Een chirurgijn vertelt in een scheepsjournaal in1761 over slaven die weigeren te eten of overboord springen om zo aan hun ellendige toekomst te ontkomen. Het is een daad van ultieme wanhoop maar ook een uiting van verzet in een positie waarin mensen niets meer over zichzelf hadden te zeggen.

Brandijzer
Misschien wel het meest aangrijpende object is het brandijzer dat voor tot slaaf gemaakte mensen werd gebruikt: “Zommigen tekenen hunnen slaaven op de armen, anderen op de borsten. Zonder deze voorzorge, was niemand in staat, om zyne eigene slaaven te kunnen onderscheiden,” aldus een plantage eigenaar in 1770 (p. 108).

Zo werden mensen tot object gemaakt en iemands bezit maar het brandmerk was ook een keurmerk dat een slaaf economisch waardevol was: “De leverbaare Slaaven orden met een gloeijend Yzer op den Arm met het Merk van den Kooper getekend, om ze te onderscheiden uit de gebrekelyken, die men gewoonlyk voor Rum aan de Nieuw Engelandvaarders verkoopt” (p. 109).

In 1881 werd een koperen halsband aan het Rijksmuseum aangeboden die als “hondenband”werd ingeschreven en opgenomen in de collectie. Inmiddels weten we dat een dergelijke band door slaven werd gedragen.

Het paneel Hulde der Koloniën op de Gouden Koets is inmiddels bekend en berucht en het lijkt erop dat de Gouden Koets om deze reden niet meer op straat zal verschijnen. Minstens zo prominent maar amper bekend is het timpaan aan de voorzijde van het Paleis op de Dam waar Afrikanen en Aziaten hun hoofd en knieën buigen voor de mensen die centraal staan in dit beeldhouwwerk.

In het laatste hoofdstuk Het onvoltooid koloniaal verleden staat onder andere een foto van premier Rutte en president Macron tegen in Indonesisch restaurant De Poentjak in Den Haag en is er aandacht voor kunst in Nederlandse musea die ons niet toebehoort. Veel musea zijn momenteel bezig met teruggave van deze roofkunst.

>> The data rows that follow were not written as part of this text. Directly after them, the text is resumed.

lemma set_integral_mult_H10:
  fixes u v :: "'a::euclidean_space \<Rightarrow> real"
  assumes u: "H10_grad U u g" and v: "square_integrable v" and U: "U \<in> sets borel"
  shows "(LINT x:U|lborel. u x * v x) = (\<integral>x. u x * v x \<partial>lborel)"
proof -
  have [measurable]: "u \<in> borel_measurable borel" "v \<in> borel_measurable borel"
    using H10_gradD(1)[OF u] v by (simp_all add: square_integrable_def)
  have m: "(\<lambda>x. u x * v x) \<in> borel_measurable borel" by measurable
  have "AE x in lborel. x \<notin> U \<longrightarrow> u x * v x = 0"
    using H10_gradD(3)[OF u] by eventually_elim auto
  from set_integral_eq_integral_AE[OF U this _ m m] show ?thesis by simp
qed

lemma set_integral_norm_wgrad_sq:
  fixes f :: "'a::euclidean_space \<Rightarrow> real"
  assumes "H10_grad U f g" and "U \<in> sets borel"
  shows "(LINT x:U|lborel. (norm (wgrad f x))\<^sup>2) = L2_sqnorm g"
  using set_integral_wgrad_inner[OF assms(1,1,2)]
  by (simp add: L2_sqnorm_eq_integral_inner power2_norm_eq_inner)

section \<open>Completeness of \<open>L\<^sup>2\<close>\<close>

lemma nn_integral_le_of_tendsto_AE:
  fixes u :: "nat \<Rightarrow> 'a \<Rightarrow> ennreal"
  assumes "\<And>k. u k \<in> borel_measurable M"
    and "AE x in M. (\<lambda>k. u k x) \<longlonglongrightarrow> v x"
    and "\<forall>\<^sub>F k in sequentially. integral\<^sup>N M (u k) \<le> C"
  shows "integral\<^sup>N M v \<le> C"
proof -
  have "integral\<^sup>N M v = (\<integral>\<^sup>+ x. liminf (\<lambda>k. u k x) \<partial>M)"
    by (rule nn_integral_cong_AE) (use assms(2) in \<open>auto simp: lim_imp_Liminf\<close>)
  also have "\<dots> \<le> liminf (\<lambda>k. integral\<^sup>N M (u k))" by (rule nn_integral_liminf[OF assms(1)])
  also have "\<dots> \<le> limsup (\<lambda>k. integral\<^sup>N M (u k))" by (rule Liminf_le_Limsup) simp
  also have "\<dots> \<le> C" by (rule Limsup_bounded[OF assms(3)])
  finally show ?thesis .
qed
lemma nn_integral_exp_neg_abs_finite:
  fixes l :: real
  assumes "0 < l"
  shows "(\<integral>\<^sup>+s. ennreal (exp (- l * \<bar>s\<bar>)) \<partial>lborel) < \<infinity>"
proof -
  let ?f = "\<lambda>s. ennreal (exponential_density l s)"
  have total: "(\<integral>\<^sup>+s. ?f s \<partial>lborel) = 1"
  proof -
    interpret prob_space "density lborel (exponential_density l)"
      using prob_space_exponential_density[OF assms] .
    show ?thesis
      using emeasure_space_1 by (simp add: emeasure_density borel_measurable_erlang_density)
  qed
  have reflected_total: "(\<integral>\<^sup>+s. ?f (- s) \<partial>lborel) = 1"
    using total nn_integral_real_affine[where c="-1" and t=0 and f="?f"]
    by (simp add: borel_measurable_erlang_density)
  have "(\<integral>\<^sup>+s. ennreal (exp (- l * \<bar>s\<bar>)) \<partial>lborel) \<le>
      (\<integral>\<^sup>+s. ennreal (1 / l) * (?f s + ?f (- s)) \<partial>lborel)"
  proof (intro nn_integral_mono)
    fix s :: real
    have "exp (- l * \<bar>s\<bar>) \<le> 1 / l * (exponential_density l s + exponential_density l (- s))"
      using assms by (auto simp: exponential_density_def field_simps)
    then show "ennreal (exp (- l * \<bar>s\<bar>)) \<le> ennreal (1 / l) * (?f s + ?f (- s))"
      using assms exponential_density_nonneg[OF assms]
      by (simp add: ennreal_mult[symmetric] ennreal_plus[symmetric] del: ennreal_plus)
  qed
  also have "\<dots> = ennreal (1 / l) * 2"
    by (simp add: nn_integral_cmult nn_integral_add borel_measurable_erlang_density total
        reflected_total one_add_one[symmetric] del: one_add_one)
  also have "\<dots> < \<infinity>"
    by (simp add: ennreal_mult_less_top)
  finally show ?thesis .
qed

lemma abs_le_powr_plus_one:
  fixes p s :: real
  assumes "1 \<le> p"
  shows "\<bar>s\<bar> \<le> \<bar>s\<bar> powr p + 1"
proof (cases "1 \<le> \<bar>s\<bar>")
  case True
  then have "\<bar>s\<bar> powr 1 \<le> \<bar>s\<bar> powr p"
    using assms by (intro powr_mono) auto
  then show ?thesis by simp
qed (use powr_ge_zero[of "\<bar>s\<bar>" p] in linarith)

lemma nn_integral_exp_neg_abs_powr_finite:
  fixes p l :: real
  assumes "1 \<le> p" "0 < l"
  shows "(\<integral>\<^sup>+s. ennreal (exp (- l * \<bar>s\<bar> powr p)) \<partial>lborel) < \<infinity>"
proof -
  have "(\<integral>\<^sup>+s. ennreal (exp (- l * \<bar>s\<bar> powr p)) \<partial>lborel) \<le>
      (\<integral>\<^sup>+s. ennreal (exp l) * ennreal (exp (- l * \<bar>s\<bar>)) \<partial>lborel)"
  proof (intro nn_integral_mono)
    fix s :: real
    have "l * \<bar>s\<bar> \<le> l * (\<bar>s\<bar> powr p + 1)"
      using abs_le_powr_plus_one[OF assms(1)] assms(2) by (intro mult_left_mono) auto
    then show "ennreal (exp (- l * \<bar>s\<bar> powr p)) \<le> ennreal (exp l) * ennreal (exp (- l * \<bar>s\<bar>))"
      by (simp add: ennreal_mult[symmetric] exp_add[symmetric] algebra_simps)
  qed
  also have "\<dots> = ennreal (exp l) * (\<integral>\<^sup>+s. ennreal (exp (- l * \<bar>s\<bar>)) \<partial>lborel)"
    by (rule nn_integral_cmult) measurable
  also have "\<dots> < \<infinity>"
    using nn_integral_exp_neg_abs_finite[OF assms(2)] by (simp add: ennreal_mult_less_top)
  finally show ?thesis .
qed

lemma nn_integral_nu_exp_abs_powr_finite:
  assumes "1 \<le> p" "c < 1"
  shows "(\<integral>\<^sup>+s. ennreal (exp (c * \<bar>s\<bar> powr p)) \<partial>nu p) < \<infinity>"
proof -
  have "(\<integral>\<^sup>+s. ennreal (exp (c * \<bar>s\<bar> powr p)) \<partial>nu p) =
      (\<integral>\<^sup>+s. ennreal (1 / (2 * gamma_p p)) * ennreal (exp (- (1 - c) * \<bar>s\<bar> powr p)) \<partial>lborel)"
    using gamma_p_pos[of p] assms(1)
    by (subst nn_integral_nu) (auto intro!: nn_integral_cong
        simp: ennreal_mult[symmetric] exp_add[symmetric] algebra_simps)
  also have "\<dots> = ennreal (1 / (2 * gamma_p p)) *
      (\<integral>\<^sup>+s. ennreal (exp (- (1 - c) * \<bar>s\<bar> powr p)) \<partial>lborel)"
    by (rule nn_integral_cmult) measurable
  also have "\<dots> < \<infinity>"
    using nn_integral_exp_neg_abs_powr_finite[of p "1 - c"] assms
    by (simp add: ennreal_mult_less_top)
  finally show ?thesis .
qed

Niet alle objecten spreken evenveel tot de verbeelding maar bovenstaande objecten doen dat zeker wel omdat ze op zeer directe wijze iets/veel laten zien van andere en pijnlijke aspecten van onze geschiedenis die we momenteel onder ogen proberen te zien. Dit boek vormt daarbij een waardevolle bijdrage.

Valika Smeulders is hoofd van de afdeling geschiedenis van het Rijksmuseum in Amsterdam. Wayne Modest is directeur van het Research Center for Material Culture het onderzoeksinstituut van het Nationaal Museum voor Wereldculturen. Sheila Sitalsing is journalist bij de Volkskrant. Wieteke van Zeil is kunsthistoricus en redacteur kunst bij de Volkskrant. Tjerk Gualthérie van Weezel is redacteur economie bij de Volkskrant.